■ What is required ■
Repeat exactly, and only, the lines below starting at the line that contains "A l \<longleftrightarrow>" and ending at the line that contains "from circ_pow_eventually_eigen[OF \<open>0", inclusive of both.

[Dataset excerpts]
⁂

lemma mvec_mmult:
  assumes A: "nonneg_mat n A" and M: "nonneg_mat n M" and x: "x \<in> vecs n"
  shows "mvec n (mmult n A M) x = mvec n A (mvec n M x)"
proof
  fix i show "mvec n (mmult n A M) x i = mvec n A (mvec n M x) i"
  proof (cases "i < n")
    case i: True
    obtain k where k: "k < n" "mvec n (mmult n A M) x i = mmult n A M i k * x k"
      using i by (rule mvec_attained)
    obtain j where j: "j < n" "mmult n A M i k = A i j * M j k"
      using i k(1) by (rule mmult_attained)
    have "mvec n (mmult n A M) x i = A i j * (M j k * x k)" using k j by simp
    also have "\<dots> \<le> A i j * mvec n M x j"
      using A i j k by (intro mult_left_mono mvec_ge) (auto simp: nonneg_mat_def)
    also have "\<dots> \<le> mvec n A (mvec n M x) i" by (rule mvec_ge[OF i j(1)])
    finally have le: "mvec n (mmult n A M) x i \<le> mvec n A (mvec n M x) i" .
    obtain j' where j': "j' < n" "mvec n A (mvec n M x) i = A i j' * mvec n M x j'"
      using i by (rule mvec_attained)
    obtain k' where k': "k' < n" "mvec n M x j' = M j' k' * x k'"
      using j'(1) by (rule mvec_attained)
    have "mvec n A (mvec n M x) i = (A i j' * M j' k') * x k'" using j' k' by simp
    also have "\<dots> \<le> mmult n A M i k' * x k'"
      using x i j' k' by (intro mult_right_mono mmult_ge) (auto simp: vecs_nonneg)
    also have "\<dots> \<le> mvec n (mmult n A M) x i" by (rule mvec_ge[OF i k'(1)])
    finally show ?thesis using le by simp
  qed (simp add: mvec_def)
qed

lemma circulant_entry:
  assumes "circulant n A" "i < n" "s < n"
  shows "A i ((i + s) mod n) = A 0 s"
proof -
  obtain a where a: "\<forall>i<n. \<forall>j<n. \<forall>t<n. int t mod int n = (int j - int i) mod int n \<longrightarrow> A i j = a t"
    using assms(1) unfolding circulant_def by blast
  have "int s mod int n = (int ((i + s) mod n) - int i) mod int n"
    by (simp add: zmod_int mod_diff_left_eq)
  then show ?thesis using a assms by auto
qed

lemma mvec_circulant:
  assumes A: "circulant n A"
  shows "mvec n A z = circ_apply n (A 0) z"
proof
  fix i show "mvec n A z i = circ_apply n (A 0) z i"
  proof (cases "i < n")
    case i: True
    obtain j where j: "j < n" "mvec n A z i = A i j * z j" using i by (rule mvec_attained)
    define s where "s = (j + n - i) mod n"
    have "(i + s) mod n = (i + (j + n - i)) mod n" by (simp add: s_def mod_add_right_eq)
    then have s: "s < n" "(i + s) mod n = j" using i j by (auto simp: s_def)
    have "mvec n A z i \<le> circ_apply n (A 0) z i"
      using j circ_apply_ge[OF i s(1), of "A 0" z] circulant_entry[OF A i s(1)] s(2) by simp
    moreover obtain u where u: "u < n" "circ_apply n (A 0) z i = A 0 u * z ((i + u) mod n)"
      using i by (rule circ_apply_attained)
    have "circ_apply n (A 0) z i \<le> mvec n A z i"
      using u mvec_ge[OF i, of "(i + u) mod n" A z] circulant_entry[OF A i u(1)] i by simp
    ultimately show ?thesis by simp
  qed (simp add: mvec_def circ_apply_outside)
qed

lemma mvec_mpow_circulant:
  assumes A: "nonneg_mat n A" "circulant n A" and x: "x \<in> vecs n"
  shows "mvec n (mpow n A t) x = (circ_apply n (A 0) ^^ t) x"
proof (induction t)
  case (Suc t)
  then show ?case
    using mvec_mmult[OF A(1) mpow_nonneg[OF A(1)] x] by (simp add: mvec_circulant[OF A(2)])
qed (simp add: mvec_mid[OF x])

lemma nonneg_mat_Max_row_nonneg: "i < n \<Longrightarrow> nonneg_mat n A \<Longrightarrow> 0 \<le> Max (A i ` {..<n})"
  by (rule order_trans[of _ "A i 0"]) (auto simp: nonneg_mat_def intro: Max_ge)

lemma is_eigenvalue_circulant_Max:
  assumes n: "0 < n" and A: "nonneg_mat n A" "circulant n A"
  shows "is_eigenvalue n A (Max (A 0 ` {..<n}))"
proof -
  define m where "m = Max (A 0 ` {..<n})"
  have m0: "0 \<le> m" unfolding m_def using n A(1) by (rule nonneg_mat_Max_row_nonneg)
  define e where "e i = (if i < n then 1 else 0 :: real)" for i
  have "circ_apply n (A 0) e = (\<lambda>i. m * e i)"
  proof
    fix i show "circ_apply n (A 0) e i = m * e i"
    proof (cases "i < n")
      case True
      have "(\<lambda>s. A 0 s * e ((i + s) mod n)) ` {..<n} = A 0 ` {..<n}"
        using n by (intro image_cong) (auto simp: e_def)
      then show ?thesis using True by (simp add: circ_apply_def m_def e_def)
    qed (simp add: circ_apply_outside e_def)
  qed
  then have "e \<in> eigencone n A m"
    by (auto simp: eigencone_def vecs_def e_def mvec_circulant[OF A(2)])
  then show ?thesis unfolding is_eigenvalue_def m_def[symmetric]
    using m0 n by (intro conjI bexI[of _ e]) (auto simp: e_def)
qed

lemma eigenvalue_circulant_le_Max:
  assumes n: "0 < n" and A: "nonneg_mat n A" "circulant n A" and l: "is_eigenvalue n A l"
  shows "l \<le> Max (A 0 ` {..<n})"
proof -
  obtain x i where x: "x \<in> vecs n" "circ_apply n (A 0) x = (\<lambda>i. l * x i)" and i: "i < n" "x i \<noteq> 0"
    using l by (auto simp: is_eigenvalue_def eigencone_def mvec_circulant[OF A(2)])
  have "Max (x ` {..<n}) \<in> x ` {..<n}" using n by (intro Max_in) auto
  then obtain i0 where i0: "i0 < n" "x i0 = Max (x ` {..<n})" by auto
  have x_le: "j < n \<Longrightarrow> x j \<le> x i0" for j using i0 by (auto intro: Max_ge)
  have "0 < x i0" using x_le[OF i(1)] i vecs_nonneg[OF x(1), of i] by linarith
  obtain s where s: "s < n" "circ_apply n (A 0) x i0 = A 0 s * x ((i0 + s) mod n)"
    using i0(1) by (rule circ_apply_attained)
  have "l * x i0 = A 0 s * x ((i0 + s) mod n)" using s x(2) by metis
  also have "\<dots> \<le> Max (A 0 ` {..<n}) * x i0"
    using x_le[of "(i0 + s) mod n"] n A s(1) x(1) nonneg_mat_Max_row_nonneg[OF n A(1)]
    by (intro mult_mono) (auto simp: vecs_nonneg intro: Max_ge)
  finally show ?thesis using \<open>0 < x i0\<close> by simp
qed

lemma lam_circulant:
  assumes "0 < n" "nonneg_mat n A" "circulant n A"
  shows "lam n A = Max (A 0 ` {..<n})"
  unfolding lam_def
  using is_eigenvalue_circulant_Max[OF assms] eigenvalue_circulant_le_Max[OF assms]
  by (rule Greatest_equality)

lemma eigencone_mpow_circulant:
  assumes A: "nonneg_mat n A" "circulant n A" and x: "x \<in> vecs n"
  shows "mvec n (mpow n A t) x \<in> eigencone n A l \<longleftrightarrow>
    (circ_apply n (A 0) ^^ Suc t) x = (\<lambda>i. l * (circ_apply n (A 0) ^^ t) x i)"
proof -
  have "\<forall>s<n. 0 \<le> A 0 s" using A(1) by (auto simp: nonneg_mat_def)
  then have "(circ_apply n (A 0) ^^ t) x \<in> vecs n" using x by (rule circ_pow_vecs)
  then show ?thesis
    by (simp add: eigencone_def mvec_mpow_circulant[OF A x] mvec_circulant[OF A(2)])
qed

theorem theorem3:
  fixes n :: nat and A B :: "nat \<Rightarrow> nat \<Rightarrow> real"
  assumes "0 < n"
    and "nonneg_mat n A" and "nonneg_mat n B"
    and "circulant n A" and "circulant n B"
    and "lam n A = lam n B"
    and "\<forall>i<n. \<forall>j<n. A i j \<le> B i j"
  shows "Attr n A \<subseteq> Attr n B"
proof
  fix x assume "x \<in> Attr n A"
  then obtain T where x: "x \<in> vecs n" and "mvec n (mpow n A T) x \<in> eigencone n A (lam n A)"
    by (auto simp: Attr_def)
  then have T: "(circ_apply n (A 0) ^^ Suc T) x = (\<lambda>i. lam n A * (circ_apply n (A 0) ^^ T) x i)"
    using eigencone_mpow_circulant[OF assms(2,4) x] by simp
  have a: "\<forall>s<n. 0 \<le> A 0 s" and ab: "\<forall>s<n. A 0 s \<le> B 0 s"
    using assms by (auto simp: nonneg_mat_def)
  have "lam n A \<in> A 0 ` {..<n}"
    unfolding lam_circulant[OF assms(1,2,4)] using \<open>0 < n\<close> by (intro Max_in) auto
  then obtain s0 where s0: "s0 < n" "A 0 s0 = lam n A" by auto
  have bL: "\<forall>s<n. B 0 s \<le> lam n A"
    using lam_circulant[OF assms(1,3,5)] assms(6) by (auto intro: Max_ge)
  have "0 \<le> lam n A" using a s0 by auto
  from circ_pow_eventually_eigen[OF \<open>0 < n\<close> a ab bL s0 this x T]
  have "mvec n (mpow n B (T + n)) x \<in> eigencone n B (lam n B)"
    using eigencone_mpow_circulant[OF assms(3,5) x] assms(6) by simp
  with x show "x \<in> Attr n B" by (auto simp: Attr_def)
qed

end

⁂

■ Exercise response ■
  shows "mvec n (mpow n A t) x \<in> eigencone n A l \<longleftrightarrow>
    (circ_apply n (A 0) ^^ Suc t) x = (\<lambda>i. l * (circ_apply n (A 0) ^^ t) x i)"
proof -
  have "\<forall>s<n. 0 \<le> A 0 s" using A(1) by (auto simp: nonneg_mat_def)
  then have "(circ_apply n (A 0) ^^ t) x \<in> vecs n" using x by (rule circ_pow_vecs)
  then show ?thesis
    by (simp add: eigencone_def mvec_mpow_circulant[OF A x] mvec_circulant[OF A(2)])
qed

theorem theorem3:
  fixes n :: nat and A B :: "nat \<Rightarrow> nat \<Rightarrow> real"
  assumes "0 < n"
    and "nonneg_mat n A" and "nonneg_mat n B"
    and "circulant n A" and "circulant n B"
    and "lam n A = lam n B"
    and "\<forall>i<n. \<forall>j<n. A i j \<le> B i j"
  shows "Attr n A \<subseteq> Attr n B"
proof
  fix x assume "x \<in> Attr n A"
  then obtain T where x: "x \<in> vecs n" and "mvec n (mpow n A T) x \<in> eigencone n A (lam n A)"
    by (auto simp: Attr_def)
  then have T: "(circ_apply n (A 0) ^^ Suc T) x = (\<lambda>i. lam n A * (circ_apply n (A 0) ^^ T) x i)"
    using eigencone_mpow_circulant[OF assms(2,4) x] by simp
  have a: "\<forall>s<n. 0 \<le> A 0 s" and ab: "\<forall>s<n. A 0 s \<le> B 0 s"
    using assms by (auto simp: nonneg_mat_def)
  have "lam n A \<in> A 0 ` {..<n}"
    unfolding lam_circulant[OF assms(1,2,4)] using \<open>0 < n\<close> by (intro Max_in) auto
  then obtain s0 where s0: "s0 < n" "A 0 s0 = lam n A" by auto
  have bL: "\<forall>s<n. B 0 s \<le> lam n A"
    using lam_circulant[OF assms(1,3,5)] assms(6) by (auto intro: Max_ge)
  have "0 \<le> lam n A" using a s0 by auto
  from circ_pow_eventually_eigen[OF \<open>0 < n\<close> a ab bL s0 this x T]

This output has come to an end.